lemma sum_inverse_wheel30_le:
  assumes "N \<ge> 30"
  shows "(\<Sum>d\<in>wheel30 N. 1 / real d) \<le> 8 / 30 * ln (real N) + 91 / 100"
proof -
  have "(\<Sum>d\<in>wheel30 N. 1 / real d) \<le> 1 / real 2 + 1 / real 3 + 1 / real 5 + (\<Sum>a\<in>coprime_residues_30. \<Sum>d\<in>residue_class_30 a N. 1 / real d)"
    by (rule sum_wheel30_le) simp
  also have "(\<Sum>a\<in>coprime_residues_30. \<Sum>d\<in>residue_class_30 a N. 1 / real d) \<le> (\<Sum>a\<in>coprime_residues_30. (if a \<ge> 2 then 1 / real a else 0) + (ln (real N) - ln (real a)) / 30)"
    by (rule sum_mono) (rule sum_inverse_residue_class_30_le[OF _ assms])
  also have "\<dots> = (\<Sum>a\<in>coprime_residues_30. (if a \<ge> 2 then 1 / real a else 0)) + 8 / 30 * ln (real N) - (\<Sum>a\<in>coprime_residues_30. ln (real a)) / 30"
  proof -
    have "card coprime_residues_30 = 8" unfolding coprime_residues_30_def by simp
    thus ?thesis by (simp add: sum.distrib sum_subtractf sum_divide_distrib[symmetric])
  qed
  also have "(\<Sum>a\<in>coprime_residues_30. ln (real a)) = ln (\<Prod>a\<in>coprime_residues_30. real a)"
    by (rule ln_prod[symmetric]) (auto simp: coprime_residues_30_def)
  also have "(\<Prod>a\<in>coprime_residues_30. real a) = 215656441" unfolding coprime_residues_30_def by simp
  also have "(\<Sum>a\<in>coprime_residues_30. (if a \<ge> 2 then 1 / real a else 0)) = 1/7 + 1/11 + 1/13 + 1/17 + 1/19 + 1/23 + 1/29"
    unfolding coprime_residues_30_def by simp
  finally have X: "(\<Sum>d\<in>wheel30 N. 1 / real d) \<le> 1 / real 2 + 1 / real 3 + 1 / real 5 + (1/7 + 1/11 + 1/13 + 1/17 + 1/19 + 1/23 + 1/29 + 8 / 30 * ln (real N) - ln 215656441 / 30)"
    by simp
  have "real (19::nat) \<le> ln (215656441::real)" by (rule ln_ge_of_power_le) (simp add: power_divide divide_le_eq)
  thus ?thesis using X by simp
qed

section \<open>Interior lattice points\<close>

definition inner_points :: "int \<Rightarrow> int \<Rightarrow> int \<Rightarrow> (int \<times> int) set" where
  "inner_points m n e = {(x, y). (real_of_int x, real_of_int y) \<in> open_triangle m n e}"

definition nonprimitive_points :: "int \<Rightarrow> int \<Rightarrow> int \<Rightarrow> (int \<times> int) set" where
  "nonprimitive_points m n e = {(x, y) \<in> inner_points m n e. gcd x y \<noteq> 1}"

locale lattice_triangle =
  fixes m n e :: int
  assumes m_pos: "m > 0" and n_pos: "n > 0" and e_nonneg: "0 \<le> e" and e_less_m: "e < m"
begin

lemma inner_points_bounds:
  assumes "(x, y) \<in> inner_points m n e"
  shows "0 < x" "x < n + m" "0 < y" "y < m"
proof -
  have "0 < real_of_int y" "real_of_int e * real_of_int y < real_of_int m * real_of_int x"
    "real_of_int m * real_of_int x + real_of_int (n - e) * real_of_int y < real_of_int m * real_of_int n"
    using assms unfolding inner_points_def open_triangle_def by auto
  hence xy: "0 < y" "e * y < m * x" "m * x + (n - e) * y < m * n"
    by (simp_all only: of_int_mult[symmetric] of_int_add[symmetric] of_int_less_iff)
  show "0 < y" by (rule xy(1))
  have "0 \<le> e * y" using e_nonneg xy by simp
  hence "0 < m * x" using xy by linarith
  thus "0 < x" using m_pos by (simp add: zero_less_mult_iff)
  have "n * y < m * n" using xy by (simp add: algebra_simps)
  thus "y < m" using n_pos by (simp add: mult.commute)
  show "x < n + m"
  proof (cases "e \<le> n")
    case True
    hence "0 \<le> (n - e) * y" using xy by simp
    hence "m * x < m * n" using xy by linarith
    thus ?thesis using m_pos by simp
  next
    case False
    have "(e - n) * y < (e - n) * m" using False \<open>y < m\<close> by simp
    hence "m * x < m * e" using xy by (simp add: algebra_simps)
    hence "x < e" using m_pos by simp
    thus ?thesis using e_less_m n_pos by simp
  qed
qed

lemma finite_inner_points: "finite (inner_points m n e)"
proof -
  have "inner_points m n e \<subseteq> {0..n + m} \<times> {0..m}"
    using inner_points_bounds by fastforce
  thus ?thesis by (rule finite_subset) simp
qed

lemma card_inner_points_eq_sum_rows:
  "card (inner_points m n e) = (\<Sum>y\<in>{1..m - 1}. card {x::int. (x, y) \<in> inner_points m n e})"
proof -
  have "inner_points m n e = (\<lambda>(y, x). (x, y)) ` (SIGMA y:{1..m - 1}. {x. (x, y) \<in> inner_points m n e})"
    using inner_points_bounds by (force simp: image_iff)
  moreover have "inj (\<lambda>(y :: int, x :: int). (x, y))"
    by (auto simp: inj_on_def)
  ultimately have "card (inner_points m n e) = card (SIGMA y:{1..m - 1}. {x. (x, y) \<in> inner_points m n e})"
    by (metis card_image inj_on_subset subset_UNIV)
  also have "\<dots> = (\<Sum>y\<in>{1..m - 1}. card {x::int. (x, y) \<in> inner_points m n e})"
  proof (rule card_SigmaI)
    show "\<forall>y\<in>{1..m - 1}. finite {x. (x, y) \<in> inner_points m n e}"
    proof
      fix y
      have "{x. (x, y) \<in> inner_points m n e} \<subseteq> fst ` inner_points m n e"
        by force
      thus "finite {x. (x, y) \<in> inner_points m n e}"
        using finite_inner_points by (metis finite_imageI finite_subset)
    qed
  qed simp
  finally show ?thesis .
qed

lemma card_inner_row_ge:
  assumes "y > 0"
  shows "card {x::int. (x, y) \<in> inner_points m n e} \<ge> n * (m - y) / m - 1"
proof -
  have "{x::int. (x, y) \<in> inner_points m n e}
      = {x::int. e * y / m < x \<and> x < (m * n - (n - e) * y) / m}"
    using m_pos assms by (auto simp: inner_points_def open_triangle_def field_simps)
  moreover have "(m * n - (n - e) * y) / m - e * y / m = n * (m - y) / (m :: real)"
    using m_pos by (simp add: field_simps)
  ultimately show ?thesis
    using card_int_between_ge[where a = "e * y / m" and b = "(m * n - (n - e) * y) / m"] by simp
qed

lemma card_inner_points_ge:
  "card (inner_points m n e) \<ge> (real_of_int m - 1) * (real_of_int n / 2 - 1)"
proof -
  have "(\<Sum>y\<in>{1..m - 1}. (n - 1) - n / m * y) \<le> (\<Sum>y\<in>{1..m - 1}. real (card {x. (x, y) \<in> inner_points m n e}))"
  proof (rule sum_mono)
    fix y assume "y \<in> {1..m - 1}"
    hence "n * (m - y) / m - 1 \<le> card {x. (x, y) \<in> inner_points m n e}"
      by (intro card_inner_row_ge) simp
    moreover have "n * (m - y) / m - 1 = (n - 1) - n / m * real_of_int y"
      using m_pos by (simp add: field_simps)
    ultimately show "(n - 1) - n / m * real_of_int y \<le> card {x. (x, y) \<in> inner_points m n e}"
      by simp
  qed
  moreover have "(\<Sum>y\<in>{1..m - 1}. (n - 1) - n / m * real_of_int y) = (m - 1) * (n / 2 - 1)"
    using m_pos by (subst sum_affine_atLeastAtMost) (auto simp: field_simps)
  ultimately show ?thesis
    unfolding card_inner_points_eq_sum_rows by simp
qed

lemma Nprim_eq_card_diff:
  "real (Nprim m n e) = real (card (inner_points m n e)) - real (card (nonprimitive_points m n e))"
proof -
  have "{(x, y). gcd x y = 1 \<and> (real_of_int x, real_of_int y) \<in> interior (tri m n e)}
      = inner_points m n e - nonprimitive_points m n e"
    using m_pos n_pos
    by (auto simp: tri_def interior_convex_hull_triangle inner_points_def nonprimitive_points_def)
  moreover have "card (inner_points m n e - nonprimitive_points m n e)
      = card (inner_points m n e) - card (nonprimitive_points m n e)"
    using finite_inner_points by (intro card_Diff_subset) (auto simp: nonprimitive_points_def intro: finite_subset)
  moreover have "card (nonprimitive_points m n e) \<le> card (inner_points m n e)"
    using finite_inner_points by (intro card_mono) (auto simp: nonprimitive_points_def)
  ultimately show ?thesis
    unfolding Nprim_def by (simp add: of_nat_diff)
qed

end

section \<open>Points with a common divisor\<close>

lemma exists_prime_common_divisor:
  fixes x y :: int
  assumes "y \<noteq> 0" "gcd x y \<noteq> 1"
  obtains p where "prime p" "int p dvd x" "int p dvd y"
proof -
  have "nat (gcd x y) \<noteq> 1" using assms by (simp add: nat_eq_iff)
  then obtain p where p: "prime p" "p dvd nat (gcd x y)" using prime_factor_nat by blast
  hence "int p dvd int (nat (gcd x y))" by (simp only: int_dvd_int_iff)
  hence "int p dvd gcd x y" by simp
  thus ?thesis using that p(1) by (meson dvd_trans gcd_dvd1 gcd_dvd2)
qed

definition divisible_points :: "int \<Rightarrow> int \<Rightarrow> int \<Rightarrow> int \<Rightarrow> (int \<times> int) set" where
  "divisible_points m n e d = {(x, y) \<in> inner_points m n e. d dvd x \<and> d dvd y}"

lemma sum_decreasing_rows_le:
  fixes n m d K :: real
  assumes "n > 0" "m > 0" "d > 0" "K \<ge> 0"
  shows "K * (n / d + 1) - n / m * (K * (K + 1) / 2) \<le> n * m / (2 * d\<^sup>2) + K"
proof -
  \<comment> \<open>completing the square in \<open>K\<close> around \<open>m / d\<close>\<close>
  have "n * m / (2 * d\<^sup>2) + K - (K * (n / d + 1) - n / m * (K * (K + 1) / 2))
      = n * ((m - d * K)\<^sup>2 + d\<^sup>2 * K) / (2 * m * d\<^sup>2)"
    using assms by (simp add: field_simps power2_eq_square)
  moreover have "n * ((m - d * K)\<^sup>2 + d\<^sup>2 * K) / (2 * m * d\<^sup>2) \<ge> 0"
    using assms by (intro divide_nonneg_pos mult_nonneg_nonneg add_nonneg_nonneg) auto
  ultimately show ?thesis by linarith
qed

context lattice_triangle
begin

Requirement
Copy every line above that holds the word "False".

Solution to this problem
    case False
    have "(e - n) * y < (e - n) * m" using False \<open>y < m\<close> by simp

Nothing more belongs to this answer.